lemma stack_state_push:
  assumes perm: "is_perm \<pi>" and state: "stack_state \<pi> pre (x # ys) zs os"
    and enter: "zs = [] \<or> x < hd zs"
  shows "stack_state \<pi> (pre @ [x]) ys (x # zs) os"
proof -
  have \<pi>: "\<pi> = pre @ x # ys" and os: "set os = {1..length os}"
    using state set_upt_1 unfolding stack_state_def by metis+
  have "\<not> is_231_peak \<pi> x"
  proof
    assume "is_231_peak \<pi> x"
    then obtain t y where "t \<in> set pre" "y \<in> set ys" "y < t" "t < x"
      using is_231_peak_split perm \<pi> by (metis is_perm_def)
    moreover have "y \<in> {length os + 1..length \<pi>}"
      using stack_state_pending[OF state] \<open>y \<in> set ys\<close> by (metis UnI1 list.set_intros(2))
    then have "length os < y" by simp
    ultimately have "t \<in> set zs"
      using stack_state_read[OF perm state] os by auto
    then have "hd zs \<le> t" "zs \<noteq> []"
      using sorted_wrt_hd[of "(<)" zs t] state by (auto simp: stack_state_def)
    then show False using enter \<open>t < x\<close> by simp
  qed
  then show ?thesis
    using state enter sorted_wrt_Cons_hd[of "(<)" zs x] by (auto simp: stack_state_def)
qed

lemma stack_state_Nil:
  assumes "stack_state \<pi> pre [] [] os"
  shows "os = [1..<length \<pi> + 1]"
proof -
  have os: "os = [1..<length os + 1]" and "set os = {1..length \<pi>}"
    using assms by (auto simp: stack_state_def simp del: upt_Suc)
  then have "{1..length \<pi>} = {1..length os}" by (metis set_upt_1)
  then have "length os = length \<pi>" by (metis card_atLeastAtMost diff_Suc_1)
  then show ?thesis using os by simp
qed
lemma subring_set_inverse_mem:
  fixes C :: "'a::field set"
  assumes C: "subring_set C" "finite C" and c: "c \<in> C"
  shows "inverse c \<in> C"
proof (cases "c = 0")
  case True
  then show ?thesis using subring_set.zero_mem[OF C(1)] by simp
next
  case False
  obtain i j where ij: "i < j" "c ^ i = c ^ j"
    using finite_powers_power_eq subring_set.finite_powers_if_mem[OF C c] by blast
  then have "c ^ i * c ^ (j - i) = c ^ i * 1"
    by (metis le_add_diff_inverse less_imp_le power_add mult_1_right)
  then have "c ^ (j - i) = 1"
    using False by simp
  moreover have "j - i = Suc (j - Suc i)"
    using ij(1) by (simp add: Suc_diff_Suc)
  ultimately have "c * c ^ (j - Suc i) = 1"
    by (metis power_Suc)
  then have "inverse c = c ^ (j - Suc i)"
    by (rule inverse_unique)
  then show ?thesis using subring_set.power_mem[OF C(1) c] by simp
qed

lemma finite_powers_if_root:
  fixes C :: "'a::field set"
  assumes C: "subring_set C" "finite C" and g: "g \<in> polys_over C" "g \<noteq> 0" "poly g x = 0"
  shows "finite_powers x"
proof (cases "degree g = 0")
  case True
  then obtain a where "g = [:a:]" by (rule degree_eq_zeroE)
  then show ?thesis using g by simp
next
  case False
  define g' where "g' = smult (inverse (lead_coeff g)) g"
  have "inverse (lead_coeff g) \<in> C"
    using g(1) by (intro subring_set_inverse_mem[OF C]) (simp add: polys_over_def)
  then have "g' \<in> polys_over C"
    using g(1) subring_set.mult_mem[OF C(1)] by (simp add: g'_def polys_over_def)
  moreover have "degree g' = degree g" "coeff g' (degree g) = 1" "poly g' x = 0"
    using g by (simp_all add: g'_def)
  ultimately have "range (\<lambda>k. x ^ k) \<subseteq> span_over C ((\<lambda>i. x ^ i) ` {..<degree g})"
    using subring_set.monic_root_power_mem_span_over[OF C(1)] False by blast
  moreover have "finite (span_over C ((\<lambda>i. x ^ i) ` {..<degree g}))"
    using C by (intro subring_set.finite_span_over) auto
  ultimately show ?thesis unfolding finite_powers_def by (rule finite_subset)
qed

lemma of_nat_mod_CHAR: "of_nat (n mod CHAR('a)) = (of_nat n :: 'a::semiring_1)"
proof -
  have "(of_nat n :: 'a) = of_nat (n mod CHAR('a)) + of_nat (CHAR('a) * (n div CHAR('a)))"
    by (metis of_nat_add mod_mult_div_eq)
  then show ?thesis by (simp add: of_nat_eq_0_iff_char_dvd)
qed

lemma finite_range_of_nat:
  assumes "CHAR('a::semiring_1) > 0"
  shows "finite (range (of_nat :: nat \<Rightarrow> 'a))"
proof (rule finite_subset)
  show "range (of_nat :: nat \<Rightarrow> 'a) \<subseteq> of_nat ` {..<CHAR('a)}"
  proof
    fix x :: 'a assume "x \<in> range of_nat"
    then obtain n where "x = of_nat (n mod CHAR('a))" by (auto simp: of_nat_mod_CHAR)
    then show "x \<in> of_nat ` {..<CHAR('a)}" using assms by simp
  qed
qed simp

lemma subring_set_range_of_nat:
  assumes "CHAR('a::comm_ring_1) > 0"
  shows "subring_set (range (of_nat :: nat \<Rightarrow> 'a))"
proof
  show "- x \<in> range (of_nat :: nat \<Rightarrow> 'a)" if x: "x \<in> range of_nat" for x
  proof -
    obtain n where n: "x = of_nat n" using x by auto
    have "of_nat ((CHAR('a) - 1) * n) + x = (of_nat (CHAR('a) * n) :: 'a)"
      using assms by (simp add: n of_nat_mult of_nat_diff algebra_simps)
    then have "- x = of_nat ((CHAR('a) - 1) * n)" by (simp add: neg_eq_iff_add_eq_0 add.commute)
    then show ?thesis by (metis rangeI)
  qed
qed (auto simp flip: of_nat_add of_nat_mult intro: range_eqI[of _ _ 0] range_eqI[of _ _ 1])

lemma prime_subfield_poly_iff: "prime_subfield_poly f \<longleftrightarrow> f \<in> polys_over (range of_nat)"
  unfolding prime_subfield_poly_def polys_over_def by simp

lemma finite_powers_common_subring:
  fixes x y :: "'a::comm_ring_1"
  assumes "CHAR('a) > 0" "finite_powers x" "finite_powers y"
  obtains S where "subring_set S" "finite S" "x \<in> S" "y \<in> S"
proof -
  obtain S\<^sub>x where Sx: "subring_set S\<^sub>x" "finite S\<^sub>x" "x \<in> S\<^sub>x"
    using subring_set.finite_subring_adjoin[OF subring_set_range_of_nat finite_range_of_nat] assms
    by metis
  obtain S where "subring_set S" "finite S" "S\<^sub>x \<subseteq> S" "y \<in> S"
    using subring_set.finite_subring_adjoin[OF Sx(1,2) assms(3)] by metis
  then show ?thesis using that Sx(3) by blast
qed

lemma finite_powers_ring_ops:
  fixes x y :: "'a::comm_ring_1"
  assumes "CHAR('a) > 0" "finite_powers x" "finite_powers y"
  shows "finite_powers (x + y)" "finite_powers (x * y)" "finite_powers (- x)"
proof -
  obtain S where S: "subring_set S" "finite S" and "x \<in> S" "y \<in> S"
    using finite_powers_common_subring[OF assms] .
  then have "x + y \<in> S" "x * y \<in> S" "- x \<in> S"
    by (simp_all add: subring_set.add_mem subring_set.mult_mem subring_set.uminus_mem)
  then show "finite_powers (x + y)" "finite_powers (x * y)" "finite_powers (- x)"
    by (simp_all add: subring_set.finite_powers_if_mem[OF S])
qed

*-*-*

▸ **Your objective**: Starting at the first line of the records, print each line exactly, stopping after the line that contains "Suc (j - Suc".

▸ **Answer for this exercise**:
lemma stack_state_push:
  assumes perm: "is_perm \<pi>" and state: "stack_state \<pi> pre (x # ys) zs os"
    and enter: "zs = [] \<or> x < hd zs"
  shows "stack_state \<pi> (pre @ [x]) ys (x # zs) os"
proof -
  have \<pi>: "\<pi> = pre @ x # ys" and os: "set os = {1..length os}"
    using state set_upt_1 unfolding stack_state_def by metis+
  have "\<not> is_231_peak \<pi> x"
  proof
    assume "is_231_peak \<pi> x"
    then obtain t y where "t \<in> set pre" "y \<in> set ys" "y < t" "t < x"
      using is_231_peak_split perm \<pi> by (metis is_perm_def)
    moreover have "y \<in> {length os + 1..length \<pi>}"
      using stack_state_pending[OF state] \<open>y \<in> set ys\<close> by (metis UnI1 list.set_intros(2))
    then have "length os < y" by simp
    ultimately have "t \<in> set zs"
      using stack_state_read[OF perm state] os by auto
    then have "hd zs \<le> t" "zs \<noteq> []"
      using sorted_wrt_hd[of "(<)" zs t] state by (auto simp: stack_state_def)
    then show False using enter \<open>t < x\<close> by simp
  qed
  then show ?thesis
    using state enter sorted_wrt_Cons_hd[of "(<)" zs x] by (auto simp: stack_state_def)
qed

lemma stack_state_Nil:
  assumes "stack_state \<pi> pre [] [] os"
  shows "os = [1..<length \<pi> + 1]"
proof -
  have os: "os = [1..<length os + 1]" and "set os = {1..length \<pi>}"
    using assms by (auto simp: stack_state_def simp del: upt_Suc)
  then have "{1..length \<pi>} = {1..length os}" by (metis set_upt_1)
  then have "length os = length \<pi>" by (metis card_atLeastAtMost diff_Suc_1)
  then show ?thesis using os by simp
qed
lemma subring_set_inverse_mem:
  fixes C :: "'a::field set"
  assumes C: "subring_set C" "finite C" and c: "c \<in> C"
  shows "inverse c \<in> C"
proof (cases "c = 0")
  case True
  then show ?thesis using subring_set.zero_mem[OF C(1)] by simp
next
  case False
  obtain i j where ij: "i < j" "c ^ i = c ^ j"
    using finite_powers_power_eq subring_set.finite_powers_if_mem[OF C c] by blast
  then have "c ^ i * c ^ (j - i) = c ^ i * 1"
    by (metis le_add_diff_inverse less_imp_le power_add mult_1_right)
  then have "c ^ (j - i) = 1"
    using False by simp
  moreover have "j - i = Suc (j - Suc i)"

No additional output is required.